Dalam konteks yang lebih luas, hasil pendidikan mencakup tiga jenjang yaitu: produk,
efek, dan dampak. Hasil pendidikan yang berupa produk, adalah wujud hasil yang dicapai pada
akhir satu proses pendidikan, misalnya akhir satu proses instruksional, akhir semester, akhir
tahun ajaran, akhir jenjang pendidikan, dan sebagainya. Wujudnya dinyatakan dalam satu satuan
ukuran tertentu seperti angka, grade, peringkat, indeks prestasi, yudisium, UN, dan sebagainya
sebagai gambaran kualitas hasil pendidikan dalam periode tertentu. Hasil pendidikan berupa
efek, adalah perubahan lebih lanjut terhadap keseluruhan kepribadian peserta didik sebagai
akibat perolehan produk dari proses pendidikan (pembelajaran) dari satu periode tertentu.
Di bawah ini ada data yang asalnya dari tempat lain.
lemma initial_pot_bound:
  fixes \<beta> :: real and n t :: nat
  assumes \<beta>: "0 < \<beta>" and n: "2 \<le> n" and t: "real t \<le> 0.1 * log 2 (real n)"
    and lower: "lower_order_terms (real n) \<le> 99 / 200 * \<beta> * real n powr 0.9"
  shows "real (n ^ t) * 2 powr (\<beta> * real n / 200 ^ (t + 1) + 2) * exp (- ((1 / 2) ^ (t + 1) * (\<beta> * real n)))
    \<le> exp (- (2 * sqrt n + 6 + (2 * sqrt n + 3) * ln (real n * n + 1)))"
proof -
  define x where "x = real n"
  define q :: real where "q = (1 / 2) ^ (t + 1)"
  define k where "k = \<beta> * x / 200 ^ (t + 1)"
  have x: "2 \<le> x" unfolding x_def using n by simp
  have "real t * ln x \<le> 0.1 * (ln x)\<^sup>2 / ln 2"
  proof -
    have "real t * ln x \<le> (0.1 * log 2 x) * ln x" using t x unfolding x_def by (intro mult_right_mono) auto
    then show ?thesis by (simp add: log_def power2_eq_square)
  qed
  moreover have "k \<le> q * (\<beta> * x) / 100"
  proof -
    have "(100::real) * 2 ^ (t + 1) \<le> 100 ^ (t + 1) * 2 ^ (t + 1)"
      by (intro mult_right_mono) (auto simp: one_le_power)
    also have "\<dots> = 200 ^ (t + 1)" by (simp flip: power_mult_distrib)
    finally have "\<beta> * x / 200 ^ (t + 1) \<le> \<beta> * x / (100 * 2 ^ (t + 1))"
      using \<beta> x by (intro divide_left_mono) auto
    then show ?thesis unfolding k_def q_def by (simp add: power_one_over)
  qed
  moreover have "0 \<le> k" unfolding k_def using \<beta> x by simp
  then have "(k + 2) * ln 2 \<le> k + 2" using ln_2_less_1 by (intro mult_left_le) auto
  moreover have "\<beta> / 2 * x powr 0.9 \<le> q * (\<beta> * x)"
  proof -
    have "(2::real) ^ t = 2 powr real t" by (simp add: powr_realpow)
    also have "\<dots> \<le> 2 powr (0.1 * log 2 x)" using t unfolding x_def by (intro powr_mono) auto
    also have "\<dots> = (2 powr log 2 x) powr 0.1" by (simp add: powr_powr mult.commute)
    also have "\<dots> = x powr 0.1" using x by simp
    finally have "(2::real) ^ t \<le> x powr 0.1" .
    have "x = x powr 0.1 * x powr 0.9" using x by (simp flip: powr_add)
    then have "\<beta> / 2 * x powr 0.9 = \<beta> * x / (2 * x powr 0.1)" using x by (simp add: field_simps)
    also have "\<dots> \<le> \<beta> * x / (2 * 2 ^ t)"
      using \<open>2 ^ t \<le> x powr 0.1\<close> \<beta> x by (intro divide_left_mono) auto
    also have "\<dots> = q * (\<beta> * x)" unfolding q_def by (simp add: power_one_over)
    finally show ?thesis .
  qed
  ultimately have "real t * ln x + (k + 2) * ln 2 - q * (\<beta> * x)
      \<le> - (2 * sqrt x + 6 + (2 * sqrt x + 3) * ln (x * x + 1))"
    using lower unfolding lower_order_terms_def x_def[symmetric] by linarith
  moreover have "real (n ^ t) * 2 powr (k + 2) * exp (- (q * (\<beta> * x)))
      = exp (real t * ln x + (k + 2) * ln 2 - q * (\<beta> * x))"
    using x unfolding x_def by (simp add: powr_def exp_add exp_diff exp_of_nat_mult exp_minus divide_inverse)
  ultimately show ?thesis unfolding k_def q_def x_def by simp
qed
Perolehan produk pendidikan yang dinyatakan dalam bentuk hasil belajar seperti angka dalam
3

rapor, dan sebagainya, seharusnya memberikan pengaruh (efek) terhadap perubahan keseluruhan
perilaku/kepribadian peserta didik seperti dalam pemahaman diri, cara berfikir, sikap, nilai, dan
kualitas kepribadian lainnya. Selanjutnya hasil pendidikan yang berupa dampak, adalah berupa
pengaruh lebih lanjut hasil pendidikan berupa produk dan efek yang diperoleh peserta didik
terhadap kondisi dan lingkungannya baik di dalam keluarga ataupun masyarakat secara
keseluruhan.
B. Posisi Guru Dalam Pendidikan
Setiap tahun ajaran baru dimulai, guru-guru Sekolah Dasar Kelas I dengan rajin
mengajari peserta didiknya untuk menguasai dan dapat membawakan Hymne Guru agar pada
saat upacara dan kesempatan-kesempatan lain mereka dapat ikut menyenandungkan nyanyia itu
bersama kakak-kakak kelasnya. Bila suara dan pengahayatannya bagus, di antara anak-anak
tersebut mungkin ada juga yang terpilih untuk bergabung dalam kelompok paduan suara yang
mewakili sekolah dalam perlombaan antar Sekolah Dasar di tingkat kecamaan. Seorang guru
Sekolah Dasar mengakui, kadang-kadang ada perasaan rikuh ketika ia mengajari muridmurudnya menghafalkan lagu ini karena seakan-akan ia minta dipuji oleh para muridnya.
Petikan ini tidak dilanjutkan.